WHAT IS REQUIRED
From the records below, set down exactly the lines starting with the line that contains "qed (use F_mem in auto)" and going on through the line that contains "with card_N have". Nothing else is wanted.

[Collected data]
○ ○ ○
lemma consecutive_iff_adjacent_in_sorted_list:
  assumes "finite G"
  defines "l \<equiv> sorted_list_of_set G"
  shows "consecutive G a b \<longleftrightarrow> (\<exists>i. i + 1 < length l \<and> l ! i = a \<and> l ! (i + 1) = b)"
proof -
  have set_l: "set l = G" and sorted_l: "sorted_wrt (<) l"
    using assms(1) by (simp_all add: l_def)
  have index: "\<exists>i<length l. l ! i = x" if "x \<in> G" for x
    using that set_l by (auto simp: in_set_conv_nth)
  show ?thesis
  proof
    assume ab: "consecutive G a b"
    then have "a \<in> G" "b \<in> G" by (simp_all add: consecutive_def)
    then obtain i j where i: "i < length l" "l ! i = a" and j: "j < length l" "l ! j = b"
      using index by meson
    have "i < j"
      using ab i j strict_sorted_nth_less_iff[OF sorted_l i(1) j(1)] by (simp add: consecutive_def)
    moreover have "\<not> i + 1 < j"
    proof
      assume "i + 1 < j"
      then have "a < l ! (i + 1)" "l ! (i + 1) < b" "l ! (i + 1) \<in> G"
        using i j sorted_wrt_nth_less[OF sorted_l] set_l nth_mem[of "i + 1" l] by auto
      then show False using ab by (simp add: consecutive_def)
    qed
    ultimately have "j = i + 1" by simp
    then show "\<exists>i. i + 1 < length l \<and> l ! i = a \<and> l ! (i + 1) = b"
      using i j by blast
  next
    assume "\<exists>i. i + 1 < length l \<and> l ! i = a \<and> l ! (i + 1) = b"
    then obtain i where i: "i + 1 < length l" "l ! i = a" "l ! (i + 1) = b" by blast
    have "y \<notin> G" if "a < y" "y < b" for y
    proof
      assume "y \<in> G"
      then obtain j where j: "j < length l" "l ! j = y" using index by blast
      have "i < length l" using i(1) by simp
      then have "i < j" "j < i + 1"
        using that i j strict_sorted_nth_less_iff[OF sorted_l] by auto
      then show False by simp
    qed
    moreover have "a < b" using i sorted_wrt_nth_less[OF sorted_l, of i "i + 1"] by simp
    ultimately show "consecutive G a b"
      using i set_l by (auto simp: consecutive_def)
  qed
qed

lemma pure_sparse_iff_consecutive:
  assumes "finite G"
  shows "pure_sparse \<kappa> G \<longleftrightarrow>
    (\<forall>a b. consecutive G a b \<longrightarrow> b - a \<le> \<kappa>) \<and> (\<exists>a b. consecutive G a b \<and> b - a = \<kappa>)"
  unfolding pure_sparse_def Let_def consecutive_iff_adjacent_in_sorted_list[OF assms] by auto

lemma consecutive_predecessor:
  assumes "finite G" "x \<in> G" "z \<in> G" "z < x"
  obtains y where "consecutive G y x"
proof
  let ?B = "{y \<in> G. y < x}"
  have "Max ?B \<in> ?B"
    using assms by (intro Max_in) auto
  moreover have "y \<le> Max ?B" if "y \<in> ?B" for y
    using assms(1) that by simp
  ultimately show "consecutive G (Max ?B) x"
    using assms(2) unfolding consecutive_def by (metis (mono_tags, lifting) mem_Collect_eq not_le)
qed

lemma gapset_contains_below_gap:
  assumes "gapset G" "consecutive G a b" "0 < k" "k < b - a"
  shows "k \<in> G"
proof -
  have "a < b - k" "b - k < b" "b = (b - k) + k"
    using assms(3,4) by auto
  then have "b - k \<notin> G"
    using assms(2) by (simp add: consecutive_def)
  moreover have "b - k \<in> G \<or> k \<in> G"
    using assms(1-3) \<open>b = (b - k) + k\<close> \<open>a < b - k\<close> unfolding gapset_def consecutive_def
    by (metis gr0I not_less0)
  ultimately show ?thesis by simp
qed

lemma symmetric_gapset_mem_iff:
  assumes "gapset G" "G \<noteq> {}" "symmetric_gapset G" "x \<le> frobenius G"
  shows "x \<in> G \<longleftrightarrow> frobenius G - x \<notin> G"
proof -
  define F where "F = frobenius G"
  have fin: "finite G" using assms(1) by (simp add: gapset_def)
  have F_mem: "F \<in> G" and G_le: "G \<subseteq> {0..F}"
    using fin assms(2) by (auto simp: F_def frobenius_def)
  have one_of_pair: "y \<in> G \<or> F - y \<in> G" if "y \<le> F" for y
  proof (cases "y = 0 \<or> y = F")
    case False
    then have "0 < y" "0 < F - y" "F = y + (F - y)" using that by auto
    then show ?thesis using assms(1) F_mem unfolding gapset_def by blast
  qed (use F_mem in auto)
  define N where "N = {0..F} - G"
  have "card N = card {0..F} - card G"
    unfolding N_def using G_le fin by (simp add: card_Diff_subset)
  also have "\<dots> = card G"
    using assms(3) fin assms(2) card_gt_0_iff[of G]
    by (simp add: F_def symmetric_gapset_def genus_def)
  finally have card_N: "card N = card G" .
  have inj: "inj_on (\<lambda>y. F - y) N" unfolding N_def by (auto simp: inj_on_def)
  have "(\<lambda>y. F - y) ` N \<subseteq> G"
  proof
    fix w assume "w \<in> (\<lambda>y. F - y) ` N"
    then obtain y where "y \<le> F" "y \<notin> G" "w = F - y" unfolding N_def by auto
    then show "w \<in> G" using one_of_pair by blast
  qed
  with card_N have mirror_N: "(\<lambda>y. F - y) ` N = G"
    by (simp add: card_image[OF inj] card_subset_eq[OF fin])
  show ?thesis
    unfolding F_def[symmetric]
  proof
    assume "x \<in> G"
    show "F - x \<notin> G"
    proof
      assume "F - x \<in> G"
      then have "F - x \<in> (\<lambda>y. F - y) ` N" using mirror_N by simp
      then obtain y where "y \<le> F" "y \<notin> G" "F - x = F - y"
        unfolding N_def by auto
      then have "y = x" using assms(4) F_def by (metis diff_diff_cancel)
      then show False using \<open>x \<in> G\<close> \<open>y \<notin> G\<close> by simp
    qed
  next
    assume "F - x \<notin> G" then show "x \<in> G" using one_of_pair assms(4) F_def by blast
  qed
qed
(* Let $X$ and $Y$ be compact metric spaces and $G_{X}$ and $G_{Y}$ closed subgroups of $\mathrm{Isom}(X)$ and $\mathrm{Isom}(Y)$ respectively. An $\epsilon$-equivariant approximation $(f,\theta,\psi)$ between $(X,G_{X})$ and $(Y,G_{Y})$ induces an $\tilde{\epsilon}$-equivariant approximation $(f_{\#},\theta_{\#},\psi_{\#})$ between $(\mathbb{P}_2(X),G_{X}^{\#})$ and $(\mathbb{P}_2(Y),G_{Y}^{\#})$, where $\tilde{\epsilon}$ tends to $0$ as $\epsilon$ tends to $0$.
   Context: $\mathrm{Isom}(X)$ denotes the isometry group of $X$. $\mathbb{P}_2(X)$ is the Wasserstein space over $X$ with the $2$-Wasserstein metric. For a closed subgroup $G$ of $\mathrm{Isom}(X)$, $G^{\#}$ is the induced subgroup of $\mathrm{Isom}(\mathbb{P}_2(X))$ consisting of push-forwards $g_{\#}$. An $\epsilon$-equivariant approximation $(f\colon X\to Y,\theta\colon G_X\to G_Y,\psi\colon G_Y\to G_X)$ is in Fukaya's sense (f is an $\epsilon$-Gromov--Hausdorff approximation and $d(\theta(g)f(x),f(gx))\le\epsilon$, $d(\psi(\lambda)x, \dots)$ similarly); maps may be taken measurable. Here $\theta_{\#}(g_{\#})=(\theta(g))_{\#}$ and $\psi_{\#}(\lambda_{\#})=(\psi(\lambda))_{\#}$, and one may take $\tilde\epsilon=6\epsilon+\sqrt{\epsilon(2\,\mathrm{diam}(Y)+\epsilon)}$. *)

theory Defs
  imports "HOL-Probability.Probability"
begin

definition Isom :: "('a::metric_space \<Rightarrow> 'a) set" where
  "Isom = {g. bij g \<and> (\<forall>x y. dist (g x) (g y) = dist x y)}"

text \<open>Closed subgroup of the isometry group; the topology on Isom(X) of a compact
  metric space X is the compact-open topology = topology of uniform convergence.\<close>
definition closed_isom_subgroup :: "('a::metric_space \<Rightarrow> 'a) set \<Rightarrow> bool" where
  "closed_isom_subgroup G \<longleftrightarrow>
     G \<subseteq> Isom \<and> id \<in> G \<and> (\<forall>g\<in>G. \<forall>h\<in>G. g \<circ> h \<in> G) \<and> (\<forall>g\<in>G. inv g \<in> G) \<and>
     (\<forall>s g. (\<forall>n. s n \<in> G) \<and> uniform_limit UNIV s g sequentially \<longrightarrow> g \<in> G)"

text \<open>Borel probability measures; on a compact space every such measure has finite
  second moment, so this is the underlying set of P_2(X).\<close>
definition P2 :: "'a::metric_space measure set" where
  "P2 = {\<mu>. prob_space \<mu> \<and> sets \<mu> = sets (borel :: 'a measure)}"

definition couplings :: "'a::metric_space measure \<Rightarrow> 'a measure \<Rightarrow> ('a \<times> 'a) measure set" where
  "couplings \<mu> \<nu> = {\<pi>. sets \<pi> = sets (borel :: ('a \<times> 'a) measure) \<and>
                        distr \<pi> borel fst = \<mu> \<and> distr \<pi> borel snd = \<nu>}"

definition W2 :: "'a::metric_space measure \<Rightarrow> 'a measure \<Rightarrow> real" where
  "W2 \<mu> \<nu> = sqrt (INF \<pi>\<in>couplings \<mu> \<nu>. \<integral>p. (dist (fst p) (snd p))\<^sup>2 \<partial>\<pi>)"

definition push :: "('a::topological_space \<Rightarrow> 'b::topological_space) \<Rightarrow> 'a measure \<Rightarrow> 'b measure" where
  "push f \<mu> = distr \<mu> borel f"

definition induced_group :: "('a::metric_space \<Rightarrow> 'a) set \<Rightarrow> ('a measure \<Rightarrow> 'a measure) set" where
  "induced_group G = push ` G"

definition induced_hom ::
  "('a::metric_space \<Rightarrow> 'a) set \<Rightarrow> (('a \<Rightarrow> 'a) \<Rightarrow> ('b::metric_space \<Rightarrow> 'b))
     \<Rightarrow> ('a measure \<Rightarrow> 'a measure) \<Rightarrow> ('b measure \<Rightarrow> 'b measure)" where
  "induced_hom G \<theta> h = push (\<theta> (SOME g. g \<in> G \<and> push g = h))"

definition equivariant_approx ::
  "('a \<Rightarrow> 'a \<Rightarrow> real) \<Rightarrow> 'a set \<Rightarrow> ('a \<Rightarrow> 'a) set \<Rightarrow>
   ('b \<Rightarrow> 'b \<Rightarrow> real) \<Rightarrow> 'b set \<Rightarrow> ('b \<Rightarrow> 'b) set \<Rightarrow>
   ('a \<Rightarrow> 'b) \<Rightarrow> (('a \<Rightarrow> 'a) \<Rightarrow> ('b \<Rightarrow> 'b)) \<Rightarrow> (('b \<Rightarrow> 'b) \<Rightarrow> ('a \<Rightarrow> 'a)) \<Rightarrow> real \<Rightarrow> bool" where
  "equivariant_approx dX X GX dY Y GY f \<theta> \<psi> \<epsilon> \<longleftrightarrow>
     f ` X \<subseteq> Y \<and> \<theta> ` GX \<subseteq> GY \<and> \<psi> ` GY \<subseteq> GX \<and>
     (\<forall>x\<in>X. \<forall>x'\<in>X. \<bar>dY (f x) (f x') - dX x x'\<bar> \<le> \<epsilon>) \<and>
     (\<forall>y\<in>Y. \<exists>x\<in>X. dY (f x) y \<le> \<epsilon>) \<and>
     (\<forall>g\<in>GX. \<forall>x\<in>X. dY (\<theta> g (f x)) (f (g x)) \<le> \<epsilon>) \<and>
     (\<forall>l\<in>GY. \<forall>x\<in>X. dY (l (f x)) (f (\<psi> l x)) \<le> \<epsilon>)"

end

theory Submission
  imports Defs
begin

text \<open>Push-forward along an \<open>\<epsilon>\<close>-isometry \<open>f\<close> changes squared transport costs only by
  \<open>O(\<epsilon>)\<close>. A coupling of \<open>\<mu>, \<nu>\<close> is simply pushed along \<open>f \<times> f\<close>. Conversely, a coupling of
  \<open>f\<^sub>#\<mu>, f\<^sub>#\<nu>\<close> is pulled back after quantising \<open>Y\<close> by a finite \<open>\<epsilon>\<close>-net: the block density
  with respect to \<open>\<mu> \<otimes> \<nu>\<close> that is constant on pairs of net cells couples \<open>\<mu>\<close> and \<open>\<nu>\<close> and puts
  the same mass on every pair of cells, so both couplings have the same quantised cost.
  Almost surjectivity of \<open>f\<^sub>#\<close> comes from pushing \<open>\<nu>\<close> along a measurable approximate inverse
  of \<open>f\<close> that is constant on net cells, and the equivariance estimates from the coupling
  \<open>(\<theta> g \<circ> f, f \<circ> g)\<^sub>#\<mu>\<close>.\<close>

section \<open>Compact metric spaces\<close>

lemma compact_metric_countable_basis:
  assumes "compact (UNIV :: 'a::metric_space set)"
  shows "\<exists>B :: 'a set set. countable B \<and> topological_basis B"
proof -
  have "\<forall>n::nat. \<exists>K. finite K \<and> (UNIV::'a set) \<subseteq> (\<Union>x\<in>K. ball x (1 / Suc n))"
    using seq_compact_imp_totally_bounded[OF compact_imp_seq_compact[OF assms]] by simp
  then obtain K where K: "\<And>n. finite (K n)" "\<And>n. (UNIV::'a set) \<subseteq> (\<Union>x\<in>K n. ball x (1 / Suc n))"
    by metis
  define B where "B = (\<Union>n. (\<lambda>x. ball x (1 / Suc n)) ` K n)"
  have "countable B"
    unfolding B_def using K(1) by (intro countable_UN) (auto intro: countable_finite)
  moreover have "topological_basis B"
  proof (rule topological_basisI)
    fix U :: "'a set" assume "U \<in> B" then show "open U" by (auto simp: B_def)
  next
    fix U :: "'a set" and x assume "open U" "x \<in> U"
    then obtain e where e: "e > 0" "ball x e \<subseteq> U" by (meson open_contains_ball)
    obtain n :: nat where n: "1 / real (Suc n) < e / 2"
      using e by (metis half_gt_zero_iff nat_approx_posE)
    obtain c where c: "c \<in> K n" "x \<in> ball c (1 / Suc n)" using K(2)[of n] by blast
    have "ball c (1 / Suc n) \<subseteq> U"
    proof
      fix z assume "z \<in> ball c (1 / Suc n)"
      then have "dist x z < e" using c n dist_triangle[of x z c] by (simp add: dist_commute)
      then show "z \<in> U" using e by auto
    qed
    then show "\<exists>B'\<in>B. x \<in> B' \<and> B' \<subseteq> U" using c by (auto simp: B_def)
  qed
  ultimately show ?thesis by (intro exI[of _ B] conjI)
qed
○ ○ ○
FINISHED TASK
  qed (use F_mem in auto)
  define N where "N = {0..F} - G"
  have "card N = card {0..F} - card G"
    unfolding N_def using G_le fin by (simp add: card_Diff_subset)
  also have "\<dots> = card G"
    using assms(3) fin assms(2) card_gt_0_iff[of G]
    by (simp add: F_def symmetric_gapset_def genus_def)
  finally have card_N: "card N = card G" .
  have inj: "inj_on (\<lambda>y. F - y) N" unfolding N_def by (auto simp: inj_on_def)
  have "(\<lambda>y. F - y) ` N \<subseteq> G"
  proof
    fix w assume "w \<in> (\<lambda>y. F - y) ` N"
    then obtain y where "y \<le> F" "y \<notin> G" "w = F - y" unfolding N_def by auto
    then show "w \<in> G" using one_of_pair by blast
  qed
  with card_N have mirror_N: "(\<lambda>y. F - y) ` N = G"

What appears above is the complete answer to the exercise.